コンプライアンス体制の不備は、企業の信頼失墜、行政処分、損害賠償といった致命的なリスクにつながります。中小企業が最低限押さえるべき労務コンプライアンスの基本を解説します。
労務管理におけるコンプライアンスの重要項目
人事・労務の分野では、以下の項目がコンプライアンス違反のリスクとなりやすいです。
1. 労働時間・賃金管理
- 長時間労働の防止: 36協定の遵守、サービス残業の撲滅、労働時間の適切な把握。
- 未払い賃金・残業代: 割増賃金(残業代、深夜手当、休日手当)の正確な計算と支払い。
- 賃金台帳の正確な記載: 法定帳簿の記載事項漏れがないか。
2. 雇用・就業規則の整備
- 就業規則の周知徹底: 作成した就業規則を社員に適切に周知すること。
- 労働契約: 雇用契約書(労働条件通知書)の交付と、労働条件の明確化。
3. ハラスメント・多様性対応
- ハラスメント対策: パワハラ、セクハラ、マタハラに対する防止措置(相談窓口設置、研修の実施)。

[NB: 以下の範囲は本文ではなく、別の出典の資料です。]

lemma omega_mult_xpow:
  assumes "2 \<le> n"
  shows "omega n (xpow n e * g) = xpow (n - 1) e * omega n g"
proof -
  let ?S = "opprod (map s_op (rev [1..<n - 1]))"
  have omega: "omega n = s_op (n - 1) \<circ> ?S \<circ> tau_op 1"
  proof -
    have "rev [1..<n] = (n - 1) # rev [1..<n - 1]"
      using assms by (cases n) (simp_all add: upt_Suc_append)
    then show ?thesis
      unfolding omega_def by (simp add: opprod_append opprod_Cons opprod_Nil comp_assoc)
  qed
  have "op_commutes (xpow n e) ?S"
    by (rule op_commutes_opprod) (auto intro!: op_commutes_xpow_s_op)
  then have "omega n (xpow n e * g) = s_op (n - 1) (xpow n e * ?S (tau_op 1 g))"
    using assms by (simp add: omega tau_op_mult_xpow_other op_commutes_def)
  also have "\<dots> = xpow (n - 1) e * omega n g"
  proof -
    have "s_op (n - 1) (xpow n e) = xpow (n - 1) e"
      using assms by (auto simp: s_op_xpow swap_index_def)
    then show ?thesis by (simp add: omega s_op_mult)
  qed
  finally show ?thesis .
qed

section \<open>The Hecke identity\<close>

definition hecke_sum :: "nat \<Rightarrow> nat \<Rightarrow> lop" where
  "hecke_sum n i G = G + scal (inverse tp - 1) (\<Sum>j = i + 1..n. scal (tp ^ (j - i)) (Tinv_ij i j G))"

definition T_chain :: "nat \<Rightarrow> nat \<Rightarrow> lop" where
  "T_chain i m = opprod (map T_op [i..<m])"

lemma T_chain_self: "T_chain m m = id"
  by (simp add: T_chain_def opprod_Nil)

lemma T_chain_step: "i < m \<Longrightarrow> T_chain i m f = T_op i (T_chain (Suc i) m f)"
  by (simp add: T_chain_def upt_conv_Cons opprod_Cons)

lemma T_chain_mult_xpow:
  assumes "m < n"
  shows "T_chain i m (xpow n e * f) = xpow n e * T_chain i m f"
proof -
  have "op_commutes (xpow n e) (T_chain i m)"
    unfolding T_chain_def
    by (rule op_commutes_opprod) (use assms in \<open>auto intro!: op_commutes_xpow_T_op\<close>)
  then show ?thesis by (simp add: op_commutes_def)
qed

lemma op_linear_T_chain: "op_linear (T_chain i m)"
  unfolding T_chain_def by (rule op_linear_opprod) (auto simp: op_linear_T_op)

- 差別禁止: 採用、昇進、賃金において、不当な差別(性別、国籍など)を行わないこと。
中小企業が取るべきコンプライアンス対策
対策1: 就業規則と賃金規程の定期的な見直し
法改正(例:同一労働同一賃金、育児介護休業法)に迅速に対応できるよう、就業規則や賃金規程を最低でも3年に一度は見直し、必要に応じて管轄の労働基準監督署へ届け出ます。
対策2: 内部通報窓口と研修の実施
社員が安心して相談できるハラスメントや法令違反の内部通報窓口を設置し、匿名性を保証します。管理職向けには、労務コンプライアンス研修を義務付けます。
対策3: 人事・労務業務のアウトソース
専門知識が必要な労務管理や給与計算は、社会保険労務士などの外部専門家に委託(アウトソース)し、法的リスクを最小限に抑えることが、中小企業にとっては最も現実的です。